Sometime after 1925, subtle changes of mood and content could be detected in his poetry. Sensitively attuned to human emotions and a keen observer of his surroundings, he could not but be affected by the drastic changes of atmosphere and structures going on about him. He turned increasingly to social and political themes, and by 1930 he was writing in praise of the productive labor of peasants and workers, the liberation of women, and revolutionary movements in the East. In two longer poems—“Taḵt-e ḵunin” (Bloody throne; 1931) and the unfinished “Manāra-ye marg” (Death minaret)—he condemned the inhumanity of the old regime in Bukhara. The influence of contemporary Russian writers, especially Vladimir Mayakovsky, whose work he much admired, may be detected here (Ocherk istorii, pp. 89-90), but his sources of inspiration remained overwhelmingly Tajik-Persian. Although he experimented with new verse forms, perhaps following Russian models, traditional Persian prosody remained predominant.

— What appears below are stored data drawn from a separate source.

lemma basis_complete:
  assumes f: "f \<in> L2_02" and orth: "\<forall>k\<ge>1. inner02 f (basis k) = 0"
  shows "AE x in I02. f x = 0"
proof -
  have mean: "integral\<^sup>L I02 f = 0"
    using orth[rule_format, of 1] by (simp add: inner02_def basis_def)
  have haar: "integral\<^sup>L I02 (\<lambda>x. f x * tree.haar p x) = 0" for p
  proof -
    obtain k where "enum k = p" using bij_enum by (metis bij_pointE)
    then show ?thesis using orth[rule_format, of "Suc (Suc k)"] by (simp add: inner02_def basis_Suc_Suc)
  qed
  have "(LINT x:node_cell (node_at p)|I02. f x) = 0" for p
    using tree.set_integral_cell_eq_0[OF integrable_if_L2_02[OF f] mean haar] by simp
  with f show ?thesis by (rule AE_eq_0_if_cell_integrals_eq_0)
qed

theorem ONB02_basis: "ONB02 basis"
  unfolding ONB02_def
proof (intro conjI allI impI ballI)
  show "basis k \<in> L2_02" for k
    by (simp add: basis_def haar_in_L2_02 const_in_L2_02)
qed (simp_all add: orthonormal_basis basis_complete)

section \<open>Positive and negative parts on (0,1)\<close>

lemma measure_node_cell_Full_le:
  assumes "j < 2 ^ n"
  shows "measure I02 (node_cell (Full n j)) \<le> 2 / 2 ^ n"
proof -
  let ?D = "{real j / 2 ^ n .. (real j + 1) / 2 ^ n} \<inter> {0<..<2}"
  have sets: "?D \<in> sets I02" "tail_ivl n j \<in> sets I02"
    using tail_ivl_subset[OF assms] by (auto intro!: sets_I02)
  have "node_cell (Full n j) \<subseteq> ?D \<union> tail_ivl n j"
    by (auto simp: node_cell_def dyadic_ivl_def)
  then have "measure I02 (node_cell (Full n j)) \<le> measure I02 (?D \<union> tail_ivl n j)"
    using sets sets_node_cell by (intro finite_measure.finite_measure_mono[OF finite_measure_I02]) auto
  also have "\<dots> \<le> measure I02 ?D + measure I02 (tail_ivl n j)"
    using sets by (intro measure_subadditive) (auto simp: finite_measure.emeasure_finite[OF finite_measure_I02])
  also have "measure I02 ?D \<le> 1 / 2 ^ n"
  proof -
    have "measure I02 ?D = measure lebesgue ?D" by (subst measure_I02) auto
    also have "\<dots> \<le> measure lebesgue {real j / 2 ^ n .. (real j + 1) / 2 ^ n}"
      by (intro measure_mono_fmeasurable) auto
    also have "\<dots> = 1 / 2 ^ n" by (simp add: divide_right_mono diff_divide_distrib[symmetric])
    finally show ?thesis .
  qed
  also have "measure I02 (tail_ivl n j) = tail_len n"
    using tail_ivl_subset[OF assms] tail_len_pos[of n] by (subst measure_I02) (auto simp: tail_ivl_def)
  finally show ?thesis using tail_len_le[of n] by simp
qed

lemma haar_Seg_eq_0:
  assumes "node_at p = Seg a b" "x < 1"
  shows "tree.haar p x = 0"
proof (rule tree.haar_outside)
  show "x \<notin> node_cell (node_at p)"
    using node_cell_Seg_subset[of a b] valid_node_at[of p] assms by auto
qed

lemma haar_Full_on_dyadic:
  assumes p: "node_at p = Full n j" and x: "0 < x" "x < 1"
  shows "tree.haar p x = (if x \<in> dyadic_ivl n j then
           haar_height I02 (node_cell (Head n j)) (node_cell (spare_seg n j))
         else 0)"
proof -
  have "valid_node (spare_seg n j)"
    using valid_child[OF valid_node_at[of p], of False] p by simp
  then have "node_cell (node_at (p @ [False])) \<subseteq> {1..<2}"
    using node_cell_Seg_subset p by simp
  with x have "x \<notin> node_cell (node_at (p @ [False]))" by auto
  moreover have "x \<in> node_cell (node_at (p @ [True])) \<longleftrightarrow> x \<in> dyadic_ivl n j"
    using p x valid_node_at[of p] tail_ivl_subset[of j n] head_spare_split(1)[of n j]
    by (auto simp: node_cell_def)
  ultimately show ?thesis
    using tree.haar_on_child[of x p True] tree.haar_outside[of x p] tree.cell_split[of p] p by auto
qed

lemma haar_Full_nonneg: "node_at p = Full n j \<Longrightarrow> 0 < x \<Longrightarrow> x < 1 \<Longrightarrow> 0 \<le> tree.haar p x"
  by (simp add: haar_Full_on_dyadic haar_height_nonneg)

lemma haar_Full_sq_ge:
  assumes p: "node_at p = Full n j" and x: "0 < x" "x < 1" "x \<in> dyadic_ivl n j"
  shows "2 ^ n / (4 * ((real n + 1) * (real n + 2))) \<le> (tree.haar p x)\<^sup>2"
proof -
  have j: "j < 2 ^ n" using valid_node_at[of p] p by simp
  define a b where "a = measure I02 (node_cell (Head n j))"
    and "b = measure I02 (node_cell (spare_seg n j))"
  have "0 < a" using measure_node_cell_pos j by (simp add: a_def)
  have "valid_node (spare_seg n j)"
    using valid_child[of "Full n j" False] j by simp
  then have "b = spare_len n"
    using spare_len_pos[of n] by (simp add: b_def node_cell_Seg measure_I02_Ico)
  have "a + b = measure I02 (node_cell (Full n j))"
    unfolding a_def b_def node_cell_child_Un[of "Full n j", OF j[folded valid_node.simps], symmetric]
    using node_cell_child_disjoint[of "Full n j"] j sets_node_cell
    by (simp add: finite_measure.finite_measure_Union[OF finite_measure_I02])
  then have ab: "a + b \<le> 2 / 2 ^ n" using measure_node_cell_Full_le[OF j] by simp
  have alg: "t / (4 * c) = 1 / (c * t) / ((2 / t) * (2 / t))" if "0 < c" "0 < t" for c t :: real
    using that by (simp add: divide_simps)
  have "2 ^ n / (4 * ((real n + 1) * (real n + 2))) = spare_len n / ((2 / 2 ^ n) * (2 / 2 ^ n))"
    unfolding spare_len_eq by (rule alg) auto
  also have "\<dots> \<le> b / ((a + b) * (a + b))"
    unfolding \<open>b = spare_len n\<close> using \<open>0 < a\<close> spare_len_pos[of n] ab[unfolded \<open>b = spare_len n\<close>]
    by (intro divide_left_mono mult_mono) auto
  also have "\<dots> \<le> b / (a * (a + b))"
    using \<open>0 < a\<close> \<open>b = spare_len n\<close> spare_len_pos[of n]
    by (intro divide_left_mono mult_right_mono) auto
  also have "\<dots> = (tree.haar p x)\<^sup>2"
    using haar_Full_on_dyadic[OF p x(1,2)] x(3) by (simp add: haar_height_sq a_def b_def)
  finally show ?thesis .
qed

lemma haar_Head_sq_le:
  assumes "node_at p = Head n j"
  shows "(tree.haar p x)\<^sup>2 \<le> 2 ^ (n + 1)"
proof -
  have j: "j < 2 ^ n" using valid_node_at[of p] assms by simp
  have inv_le: "1 / measure I02 (node_cell (Full (Suc n) i)) \<le> 2 ^ Suc n" if "i < 2 ^ Suc n" for i
  proof -
    have "1 / 2 ^ Suc n \<le> measure I02 (node_cell (Full (Suc n) i))"
      using that by (rule measure_node_cell_ge(1))
    moreover have "0 < measure I02 (node_cell (Full (Suc n) i))"
      using measure_node_cell_pos[of "Full (Suc n) i"] that by simp
    ultimately have "1 / measure I02 (node_cell (Full (Suc n) i)) \<le> 1 / (1 / 2 ^ Suc n)"
      by (intro divide_left_mono) auto
    then show ?thesis by simp
  qed
  have "(tree.haar p x)\<^sup>2 \<le> max (1 / measure I02 (node_cell (Full (Suc n) (2 * j))))
      (1 / measure I02 (node_cell (Full (Suc n) (2 * j + 1))))"
    using tree.haar_sq_le[of p x] assms by simp
  also have "\<dots> \<le> 2 ^ Suc n"
  proof -
    have "2 * j < 2 ^ Suc n" "2 * j + 1 < 2 ^ Suc n" using j by simp_all
    then show ?thesis using inv_le by simp
  qed
  finally show ?thesis by simp
qed

lemma negpart_haar_eq_0:
  assumes x: "0 < x" "x < 1" and p: "(\<forall>n j. node_at p \<noteq> Head n j) \<or> x \<notin> node_cell (node_at p)"
  shows "negpart (tree.haar p) x = 0"
proof (cases "x \<in> node_cell (node_at p)")
  case True
  with p have "0 \<le> tree.haar p x"
    using x by (cases "node_at p") (auto simp: haar_Full_nonneg haar_Seg_eq_0)
  then show ?thesis by (simp add: negpart_def)
qed (simp add: negpart_def tree.haar_outside)

lemma negpart_haar_sq_le:
  assumes "node_at p = Head n j"
  shows "(negpart (tree.haar p) x)\<^sup>2 \<le> 2 ^ length p"
proof -
  have "(negpart (tree.haar p) x)\<^sup>2 \<le> (tree.haar p x)\<^sup>2"
    by (auto simp: negpart_def max_def)
  also have "\<dots> \<le> 2 ^ (n + 1)" using haar_Head_sq_le[OF assms] .
  also have "\<dots> \<le> 2 ^ length p"
    using node_at_length[of p n j] assms by (intro power_increasing) auto
  finally show ?thesis .
qed

lemma card_Head_cells_le:
  "card {k \<in> {2..N}. (\<exists>n j. node_at (enum (k - 2)) = Head n j) \<and> x \<in> node_cell (node_at (enum (k - 2)))}
     \<le> rank (enum (N - 2)) div 8 + 1"
  (is "card ?K \<le> _")
proof -
  have "inj_on (\<lambda>k. length (enum (k - 2))) ?K"
  proof (rule inj_onI)
    fix k k' assume kK: "k \<in> ?K" "k' \<in> ?K" and len: "length (enum (k - 2)) = length (enum (k' - 2))"
    then have "enum (k - 2) = enum (k' - 2)"
      using tree.cell_parallel_disjoint[OF not_equal_is_parallel[OF _ len]] by blast
    then show "k = k'" using kK bij_is_inj[OF bij_enum] by (auto dest: injD)
  qed
  moreover have "length (enum (k - 2)) \<le> rank (enum (N - 2)) div 8" if "k \<in> ?K" for k
  proof -
    from that obtain n j where "node_at (enum (k - 2)) = Head n j" "k \<le> N" by auto
    then have "8 * length (enum (k - 2)) \<le> rank (enum (N - 2))"
      using incseqD[OF incseq_rank_enum, of "k - 2" "N - 2"] by (simp add: rank_def)
    then show ?thesis by simp
  qed
  ultimately have "card ?K \<le> card {..rank (enum (N - 2)) div 8}"
    by (intro card_inj_on_le) auto
  then show ?thesis by simp
qed

lemma sum_negpart_basis_le:
  assumes x: "0 < x" "x < 1" and N: "2 \<le> N"
  defines "s \<equiv> rank (enum (N - 2))"
  shows "(\<Sum>k=1..N. (negpart (basis k) x)\<^sup>2) \<le> (real s + 1) * 2 powr (real s / 8)"
proof -
  define T where "T k = (negpart (basis k) x)\<^sup>2" for k
  define K where "K = {k \<in> {2..N}. (\<exists>n j. node_at (enum (k - 2)) = Head n j) \<and> x \<in> node_cell (node_at (enum (k - 2)))}"
  have "T k = 0" if "k \<in> {1..N} - K" for k
  proof (cases "k = 1")
    case False
    with that have "k = Suc (Suc (k - 2))" by auto
    with that negpart_haar_eq_0[OF x, of "enum (k - 2)"] show ?thesis
      by (auto simp: T_def K_def basis_def)
  qed (simp add: T_def basis_def negpart_def)
  then have "sum T {1..N} = sum T K" by (intro sum.mono_neutral_right) (auto simp: K_def)
  also have "\<dots> \<le> real (card K) * 2 ^ (s div 8)"
  proof (rule sum_bounded_above)
    fix k assume "k \<in> K"
    then obtain n j where Head: "node_at (enum (k - 2)) = Head n j" and k: "2 \<le> k" "k \<le> N"
      by (auto simp: K_def)
    then have "8 * length (enum (k - 2)) \<le> s"
      using incseqD[OF incseq_rank_enum, of "k - 2" "N - 2"] by (simp add: s_def rank_def)
    then have "length (enum (k - 2)) \<le> s div 8" by simp
    moreover have "T k \<le> 2 ^ length (enum (k - 2))"
      using negpart_haar_sq_le[OF Head] k by (simp add: T_def basis_def)
    ultimately show "T k \<le> 2 ^ (s div 8)"
      by (meson order_trans one_le_numeral power_increasing)
  qed
  also have "\<dots> \<le> (real s + 1) * 2 powr (real s / 8)"
  proof (intro mult_mono)
    show "real (card K) \<le> real s + 1"
      using card_Head_cells_le[of N x] unfolding K_def s_def by linarith
    have "real (s div 8) \<le> real s / 8" by linarith
    then show "(2::real) ^ (s div 8) \<le> 2 powr (real s / 8)"
      by (simp add: powr_realpow[symmetric] powr_mono)
  qed auto
  finally show ?thesis by (simp add: T_def)
qed

lemma sum_pospart_basis_ge:
  assumes x: "0 < x" "x < 1" and N: "2 \<le> N"
  defines "s \<equiv> rank (enum (N - 2))"
  assumes s: "1 \<le> s"
  shows "2 powr (real s / 2 - 1) / (4 * (real s + 2)\<^sup>2) \<le> (\<Sum>k=1..N. (pospart (basis k) x)\<^sup>2)"
proof -
  define M where "M = (s - 1) div 2"
  define j where "j = nat \<lfloor>x * 2 ^ M\<rfloor>"
  have jx: "real j \<le> x * 2 ^ M" "x * 2 ^ M < real j + 1" using x by (simp_all add: j_def)
  have "x * 2 ^ M < 2 ^ M" using x by simp
  with jx(1) have "real j < 2 ^ M" by linarith
  then have jM: "j < 2 ^ M" by (metis of_nat_less_iff of_nat_numeral of_nat_power)
  have xJ: "x \<in> dyadic_ivl M j" using jx by (auto simp: dyadic_ivl_def field_simps)
  obtain q where q: "node_at q = Full M j" using node_at_Full_ex[OF jM] by blast
  have "rank q = 2 * M" using q node_at_length[of q M j] by (simp add: rank_def)
  obtain k0 where k0: "enum k0 = q" using bij_enum by (metis bij_pointE)
  have "k0 \<le> N - 2"
  proof (rule ccontr)
    assume "\<not> k0 \<le> N - 2"
    then have "s \<le> rank (enum k0)" using incseqD[OF incseq_rank_enum] by (simp add: s_def)
    then show False using \<open>rank q = 2 * M\<close> k0 s by (simp add: M_def)
  qed
  have "2 ^ M / (4 * ((real M + 1) * (real M + 2))) \<le> (pospart (basis (k0 + 2)) x)\<^sup>2"
    using haar_Full_sq_ge[OF q x xJ] haar_Full_nonneg[OF q x] k0
    by (simp add: basis_def pospart_def)
  also have "\<dots> \<le> (\<Sum>k=1..N. (pospart (basis k) x)\<^sup>2)"
    using \<open>k0 \<le> N - 2\<close> N by (intro member_le_sum) auto
  finally have pos: "2 ^ M / (4 * ((real M + 1) * (real M + 2))) \<le> (\<Sum>k=1..N. (pospart (basis k) x)\<^sup>2)" .
  have "real s / 2 - 1 \<le> real M" using s by (simp add: M_def)
  then have num: "2 powr (real s / 2 - 1) \<le> 2 ^ M"
    by (simp add: powr_realpow[symmetric] powr_mono)
  have "M \<le> s" unfolding M_def using div_le_dividend[of "s - 1" 2] by linarith
  then have den: "4 * ((real M + 1) * (real M + 2)) \<le> 4 * (real s + 2)\<^sup>2"
    unfolding power2_eq_square by (intro mult_left_mono mult_mono) auto
  have "2 powr (real s / 2 - 1) / (4 * (real s + 2)\<^sup>2) \<le> 2 ^ M / (4 * ((real M + 1) * (real M + 2)))"
    by (rule frac_le[OF _ num _ den]) auto
  with pos show ?thesis by linarith
qed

Now, even his love poetry exhibited a new spirit, as an evident joy of life replaced the pervasive melancholy of the earlier poems. His “spring poems” (Tabarov, pp. 215-24) represent a remarkable harmonizing of the closed inner world of his love poems, on the one hand, and, on the other, the dynamic landscape of the new Tajik countryside and the labor of those who were transforming it. In “Bahār-e Tājikestān o nāla-ye čupān-i” (Tajikistan’s spring and a shepherd’s lament; 1928) he skillfully merges form and substance and reveals his mastery of the comparison, and in “Bahāriya” (1931) he describes the aromas of the fields stirred by the rhythmic work of peasants and carried by spring breezes.

Solaymāni’s contributions to the emergence of a modern Tajik poetry were considerable. To its language he added the words and phrases of the new journalism and of everyday conversation, and he was one of the few poets of the time who could combine literary and spoken forms in a charming synthesis of sound and meaning. Of crucial importance, too, was his striving to ensure continuity between the old and the new. As a devoted student of classical literature he sought, on the one hand, to preserve its idealism and romanticism and, on the other hand, as a convert to the new civic poetry he undertook to merge traditional forms and values with a sense of social mission. It is as the reflection of a world caught moving between two eras that his poetry endures.

Bibliography:

Works.

There are several editions of his poems; those published during his lifetime or shortly afterwards contain primarily poems with social and political themes:  Šukūfai adabiyot, Stalinabad-Samarqand, 1931; Majmūai še’rho, Samarqand, 1932; and Qadam ba panjsolai duvvum, Tashkent, 1934. Other editions are: Majmūai osor, Dushanbe, 1959; Devon, Dushanbe, 1971; Qalamam umri jovidoni man ast, Dushanbe, 1989; and Kulliyot, Dushanbe, 2006, the most complete and scholarly edition. Enlightening is Solaymāni’s defense of his poetry against attacks by proletarian critics in 1931, “Maktubi kušoda ba idorai rūznomai ‘Tojikistoni surḵ’ (Open letter to the office of the newspaper...),” in Majmūai osor, pp. 22-26.

Studies of his life and work.

The most extensive treatment to date is Sohib Tabarov, Pairav Sulaimonī. Očerki hayot va ejodiyot, Dushanbe, 1962. One may also consult Rahim Hošim (Raḥim Ḥāšem), “Payrav Sulaymonī,” in Majmūai osor, Dushanbe, 1959, pp. 3-21, a sympathetic portrait; and Ocherk istorii tadzhikskoi sovetskoi literatury, Moscow, 1961, useful for an interpretation in keeping with the ideology of the time.